A política ambiental do país, que já está em frangalhos, corre o risco de ser jogada de vez no lixo se o Senado aprovar nesta semana o que os parlamentares chamam de "novo marco de regularização fundiária". Na verdade, os projetos de lei 2.633/2020, que aumenta o tamanho das terras da União passíveis de regularização sem vistoria prévia, e 510/2021, que amplia o prazo para dar legalidade a áreas invadidas, são um incentivo escancarado à grilagem. Os senadores que primam pelo bom senso não podem endossar esse crime.
A votação desses projetos de lei, prevista para esta quarta-feira, vem pouco depois de o Brasil assumir importantes compromissos na COP26. Toda a promessa de reduzir significativamente a emissão de carbono será enterrada por invasões e mais desmatamentos. As propostas que serão analisadas no Senado, na verdade, vêm no sentido de reforçar todo o desmonte da área ambiental. Com o atual governo, ficou barato grilar terras, tanto que não há mais fronteiras para os criminosos. Eles tomam de assalto áreas de proteção e de reservas indígenas certos de que não serão expulsos. Pelo contrário, terão as bençãos para tornar tudo legal, pois, de tempos em tempos, mudanças na legislação vão favorecê-los.

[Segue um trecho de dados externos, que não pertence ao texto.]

(* Let $r\in\{1,\infty\}$, $N\in\{0,2,3,\ldots\}$, and let $(G,+,p)\in\mathfrak{G}_r(N)$ be a valued group with bounded value. Let $A$ be a nonempty subset of $G$ and $f\in E_r(A)$. If $N>2$, assume that $$\Bigl|p\Bigl(\sum_{k=1}^N a_k\Bigr)-f(a_N)\Bigr|\leqslant\sum_{k=1}^{N-1}f(a_k)\quad\text{for all }a_1,\ldots,a_N\in A.$$ Then there is a valued group $(\tilde G,+,\tilde p)\in\mathfrak{G}_r(N)$ with bounded value enlarging $(G,+,p)$ such that $f$ is trivial in $\tilde G$, i.e. there is $b\in\tilde G$ with $f(a)=\tilde p(a-b)$ for all $a\in A$. If, in addition, $Q\subseteq\mathbb{R}$ satisfies: $Q\cap[0,\infty)$ is dense in $[0,\infty)$, $0\in Q$, and $(Q\cap[0,\infty))+(Q\cap[0,\infty))\subseteq Q$, and moreover $G$ is finite and $p(G)\cup f(A)\subseteq Q$, then $\tilde G$ may be taken finite with $\tilde p(\tilde G)\subseteq Q$.
   Context: All groups are Abelian. A value on $G$ is $p\colon G\to[0,\infty)$ with $p(x)=0\iff x=0$, $p(-x)=p(x)$, $p(x+y)\leqslant p(x)+p(y)$; it induces the metric $d(x,y)=p(x-y)$. Class $\mathcal{O}_0$: $\lim_n p(na)/n=0$ for all $a$. $\mathfrak{G}_r(N)$: separable valued Abelian groups of class $\mathcal{O}_0$ with $p\leqslant r$ (vacuous if $r=\infty$) and of exponent $N$ if $N\neq0$. For $A\subseteq G$, a Katětov map on $A$ is $f\colon A\to[0,\infty)$ with $|f(x)-f(y)|\leqslant d(x,y)\leqslant f(x)+f(y)$ for all $x,y\in A$; $E_r(A)$ is the set of Katětov maps on $A$ bounded by $r$. Enlarging means $G\subseteq\tilde G$ with addition and value extended. *)

theory Defs
  imports "HOL-Analysis.Analysis" "HOL-Algebra.FiniteProduct"
begin

text \<open>Abelian groups are HOL-Algebra commutative groups (written multiplicatively:
  the group operation is the paper's addition, the unit is 0, inv x is -x).\<close>

definition is_value :: "('a, 'b) monoid_scheme \<Rightarrow> ('a \<Rightarrow> real) \<Rightarrow> bool" where
  "is_value G p \<longleftrightarrow>
     (\<forall>x\<in>carrier G. 0 \<le> p x) \<and>
     (\<forall>x\<in>carrier G. p x = 0 \<longleftrightarrow> x = \<one>\<^bsub>G\<^esub>) \<and>
     (\<forall>x\<in>carrier G. p (inv\<^bsub>G\<^esub> x) = p x) \<and>
     (\<forall>x\<in>carrier G. \<forall>y\<in>carrier G. p (x \<otimes>\<^bsub>G\<^esub> y) \<le> p x + p y)"

definition vdist :: "('a, 'b) monoid_scheme \<Rightarrow> ('a \<Rightarrow> real) \<Rightarrow> 'a \<Rightarrow> 'a \<Rightarrow> real" where
  "vdist G p x y = p (x \<otimes>\<^bsub>G\<^esub> inv\<^bsub>G\<^esub> y)"

definition class_O0 :: "('a, 'b) monoid_scheme \<Rightarrow> ('a \<Rightarrow> real) \<Rightarrow> bool" where
  "class_O0 G p \<longleftrightarrow> (\<forall>a\<in>carrier G. (\<lambda>n::nat. p (a [^]\<^bsub>G\<^esub> n) / real n) \<longlonglongrightarrow> 0)"

definition vseparable :: "('a, 'b) monoid_scheme \<Rightarrow> ('a \<Rightarrow> real) \<Rightarrow> bool" where
  "vseparable G p \<longleftrightarrow> (\<exists>D. countable D \<and> D \<subseteq> carrier G \<and>
     (\<forall>x\<in>carrier G. \<forall>e>0. \<exists>y\<in>D. vdist G p x y < e))"

definition in_class_G :: "ereal \<Rightarrow> nat \<Rightarrow> ('a, 'b) monoid_scheme \<Rightarrow> ('a \<Rightarrow> real) \<Rightarrow> bool" where
  "in_class_G r N G p \<longleftrightarrow>
     comm_group G \<and> is_value G p \<and> vseparable G p \<and> class_O0 G p \<and>
     (\<forall>x\<in>carrier G. ereal (p x) \<le> r) \<and>
     (N \<noteq> 0 \<longrightarrow> (\<forall>x\<in>carrier G. x [^]\<^bsub>G\<^esub> N = \<one>\<^bsub>G\<^esub>))"

definition bounded_value :: "('a, 'b) monoid_scheme \<Rightarrow> ('a \<Rightarrow> real) \<Rightarrow> bool" where
  "bounded_value G p \<longleftrightarrow> (\<exists>M. \<forall>x\<in>carrier G. p x \<le> M)"

definition katetov_on :: "('a, 'b) monoid_scheme \<Rightarrow> ('a \<Rightarrow> real) \<Rightarrow> 'a set \<Rightarrow> ('a \<Rightarrow> real) \<Rightarrow> bool" where
  "katetov_on G p A f \<longleftrightarrow> (\<forall>x\<in>A. 0 \<le> f x) \<and>
     (\<forall>x\<in>A. \<forall>y\<in>A. \<bar>f x - f y\<bar> \<le> vdist G p x y \<and> vdist G p x y \<le> f x + f y)"

definition E_r :: "ereal \<Rightarrow> ('a, 'b) monoid_scheme \<Rightarrow> ('a \<Rightarrow> real) \<Rightarrow> 'a set \<Rightarrow> ('a \<Rightarrow> real) \<Rightarrow> bool" where
  "E_r r G p A f \<longleftrightarrow> katetov_on G p A f \<and> (\<forall>x\<in>A. ereal (f x) \<le> r)"

text \<open>H (on the type 'a + real) enlarges G: G is identified with Inl ` carrier G,
  and the addition and value of H extend those of G.\<close>
definition enlarges :: "('a + real) monoid \<Rightarrow> (('a + real) \<Rightarrow> real) \<Rightarrow> ('a, 'b) monoid_scheme \<Rightarrow> ('a \<Rightarrow> real) \<Rightarrow> bool" where
  "enlarges H q G p \<longleftrightarrow> Inl ` carrier G \<subseteq> carrier H \<and>
     (\<forall>x\<in>carrier G. \<forall>y\<in>carrier G. Inl x \<otimes>\<^bsub>H\<^esub> Inl y = Inl (x \<otimes>\<^bsub>G\<^esub> y)) \<and>
     (\<forall>x\<in>carrier G. q (Inl x) = p x)"

end

theory Submission
  imports Defs "HOL-Algebra.Elementary_Groups"
begin

text \<open>Adjoin a new point \<open>b\<close>, meant to satisfy \<open>p(a - b) = f a\<close> for \<open>a \<in> A\<close>, as the generator
  of a cyclic factor: on \<open>G \<times> \<int>/m\<close> (with \<open>m = N\<close>, which keeps the exponent) give \<open>g + k b\<close>
  the cheapest price, capped at a bound \<open>M\<close> of all values, at which it can be written as a point
  of \<open>G\<close> plus letters \<open>\<plusminus>(a - b)\<close> each costing \<open>f a\<close>. Letters of opposite signs cancel in pairs
  by the Katetov inequalities, and what remains are blocks of \<open>m\<close> letters of one sign, controlled
  by the \<open>N\<close>-ary condition (for \<open>N = 2\<close> by the Katetov inequalities again). Hence this
  pseudo-value restricts to \<open>p\<close> on \<open>G\<close> and takes the value \<open>f a\<close> at \<open>a - b\<close>; its quotient by
  the null elements is the required enlargement.
  For finite \<open>G\<close> the infimum is attained by one of finitely many short words, so it stays in \<open>Q\<close>;
  if \<open>N = 0\<close> a modulus so large that every block costs more than \<open>M\<close> does the job, and if \<open>f\<close>
  vanishes somewhere then \<open>f\<close> is already trivial in \<open>G\<close>.\<close>

lemma cInf_le_add_cInf:
  fixes S T U :: "real set"
  assumes "S \<noteq> {}" "T \<noteq> {}" "bdd_below U" "\<And>s t. s \<in> S \<Longrightarrow> t \<in> T \<Longrightarrow> \<exists>u\<in>U. u \<le> s + t"
  shows "Inf U \<le> Inf S + Inf T"
proof -
  have "Inf U - t \<le> Inf S" if t: "t \<in> T" for t
  proof (rule cInf_greatest[OF assms(1)])
    fix s assume "s \<in> S"
    then obtain u where "u \<in> U" "u \<le> s + t" using assms(4) t by blast
    then show "Inf U - t \<le> s" using cInf_lower[OF _ assms(3)] by fastforce
  qed
  then have "Inf U - Inf S \<le> Inf T"
    using assms(2) by (intro cInf_greatest) (auto simp: algebra_simps)
  then show ?thesis by simp
qed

É imperioso ressaltar que, em 2021, o Brasil registrou a maior taxa de desmatamento anual dos últimos 15 anos. Isso quer dizer que 13.235 km² de floresta foram devastados em apenas 12 meses. Portanto, não há nada que justifique tamanho retrocesso na legislação. Não há como acreditar no argumento dos que defendem o projeto de lei 2.633/2020, de que a regularização sem vistoria prévia impedirá fraudes. No entender de especialistas, nem mesmo num mundo ideal, com um sistema de fiscalização robusto, seria possível garantir a integridade das declarações de grileiros.
No caso do projeto de lei 510/2021, já existe um limite para se dar regularidade a terras invadidas: 22 de julho de 2008. A proposta que está com os senadores prevê anistia a grileiros até 2017. Ou seja, estará se premiando quem continuou praticando crimes. Um absurdo completo. O governo, por sinal, já mostrou que, da forma como está hoje, a legislação funciona e protege, sobretudo, os pequenos produtores, que não são devastadores. O próprio presidente Jair Bolsonaro distribuiu uma série de títulos de terra no Pará. Abrir a porteira agora premiará invasores contumazes, além de ampliar os prejuízos para a União, pois o que se está roubando é patrimônio público.

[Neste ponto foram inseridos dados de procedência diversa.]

text \<open>Number of nodes (non-root, non-leaf vertices) adjacent to a leaf in a tree; the root is excluded.\<close>
fun leaf_adj_nodes :: "otree \<Rightarrow> nat" where
  "leaf_adj_nodes (Node ts) = sum_list (map adj_sub ts)"

definition catalan :: "nat \<Rightarrow> nat" where
  "catalan n = ((2 * n) choose n) div (n + 1)"

end

theory Submission
  imports Defs
begin

(* Apart from the single vertex, an ordered tree either has a leaf as first child of its root,
   or it is assembled bijectively from three trees by adding two edges and one node adjacent
   to a leaf. So the generating function of trees by edges (x) and leaf-adjacent nodes (y)
   satisfies G = 1 + x G + x^2 y G^3. Forests of r trees then obey a recurrence in r, which
   is also satisfied by R_3(r, k) * C(n + k + r - 1, n - 2 k), where R_p(r, k) =
   r / (p k + r) * C(p k + r, k) are the Raney numbers; induction along it gives the count,
   which for r = 1 is the stated formula. Splitting off the first child of the root
   instead gives G = 1 + x G^2 for trees counted by edges alone, whose forests are counted by R_2;
   for a single tree these are the Catalan numbers, and summing the refined count over k gives
   the identity. *)

abbreviation leaf :: otree where "leaf \<equiv> Node []"

fun children :: "otree \<Rightarrow> otree list" where
  "children (Node ts) = ts"

lemma Node_children [simp]: "Node (children t) = t"
  by (cases t) simp

lemma edges_via_children: "edges t = length (children t) + sum_list (map edges (children t))"
  by (cases t) simp

(* For children cs without a leaf, spine_split follows first children down to the first vertex
   having a leaf child. It returns that vertex's children l, and in w the lists of right siblings
   met on the way, separated by leaves; as these lists contain no leaf, w determines them. *)
fun spine_split :: "otree list \<Rightarrow> otree list \<times> otree list" where
  "spine_split [] = ([], [])"
| "spine_split (Node cs # rest) =
     (if leaf \<in> set cs then (rest, cs)
      else case spine_split cs of (w, l) \<Rightarrow> (rest @ leaf # w, l))"

fun spine_join :: "otree list \<Rightarrow> otree list \<Rightarrow> otree list" where
  "spine_join [] l = [Node l]"
| "spine_join (x # w) l =
     (let j = spine_join w l in if x = leaf then [Node j] else hd j # x # tl j)"

lemma spine_join_not_Nil: "spine_join w l \<noteq> []"
  by (cases w) (simp_all add: Let_def)

lemma spine_join_leafless: "leaf \<notin> set w \<Longrightarrow> spine_join w l = Node l # w"
  by (induction w) auto

lemma spine_join_leafless_append:
  "leaf \<notin> set rest \<Longrightarrow> spine_join (rest @ leaf # w) l = Node (spine_join w l) # rest"
  by (induction rest) auto

lemma leaf_notin_spine_join: "leaf \<in> set l \<Longrightarrow> leaf \<notin> set (spine_join w l)"
proof (induction w)
  case (Cons x w)
  then show ?case
    using spine_join_not_Nil[of w l] by (cases "spine_join w l") (auto simp: Let_def)
qed auto

lemma spine_split_Cons_Cons:
  "spine_split (t # x # rest) = (case spine_split (t # rest) of (w, l) \<Rightarrow> (x # w, l))"
  by (cases t) (auto split: prod.split)

lemma spine_split_spine_join: "leaf \<in> set l \<Longrightarrow> spine_split (spine_join w l) = (w, l)"
proof (induction w)
  case (Cons x w)
  obtain t j where j: "spine_join w l = t # j"
    using spine_join_not_Nil by (metis list.exhaust)
  show ?case
  proof (cases "x = leaf")
    case True
    then show ?thesis
      using Cons leaf_notin_spine_join[OF Cons.prems, of w] j by auto
  next
    case False
    then show ?thesis
      using Cons j by (auto simp: spine_split_Cons_Cons)
  qed
qed auto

Quem acompanha o dia a dia das questões ambientais temem que uma área equivalente a 1,43 milhão de km² (a 29% da Amazônia), sem informação de destinação fundiária, se transforme no principal alvo da grilagem, resultando em mais conflitos fundiários e afastando investimentos de qualidade para o desenvolvimento na região. Um país que se diz sério, que já liderou o debate ambiental no mundo, não pode escancarar as porteiras de vez. A despeito de todo o retrocesso e das tentativas contínuas de se premiar os desmatadores, o Congresso tem instrumentos para recolocar o Brasil nos eixos. Basta não se render aos lobbies que têm no Palácio do Planalto sua maior fonte de reverberação.
A sociedade não pode se calar diante de tanto descalabro. Parte dos senadores que votarão as propostas que legalizam o roubo de terra pública e dão licença para desmatar terá de enfrentar as urnas no próximo ano. A resposta mais contundente que se poderá dar é não garantir um novo mandato aos parlamentares, independentemente dos cargos aos quais concorrerem. O meio ambiente é um patrimônio de todos. O resultado do descuido dos últimos anos com ele está aí: eventos climáticos extremos cada vez mais presentes, com destruição e mortes. Felizmente, ainda há tempo para agir. A começar pelo Senado dizendo não aos projetos de lei 2.633/2020 e 510/2021.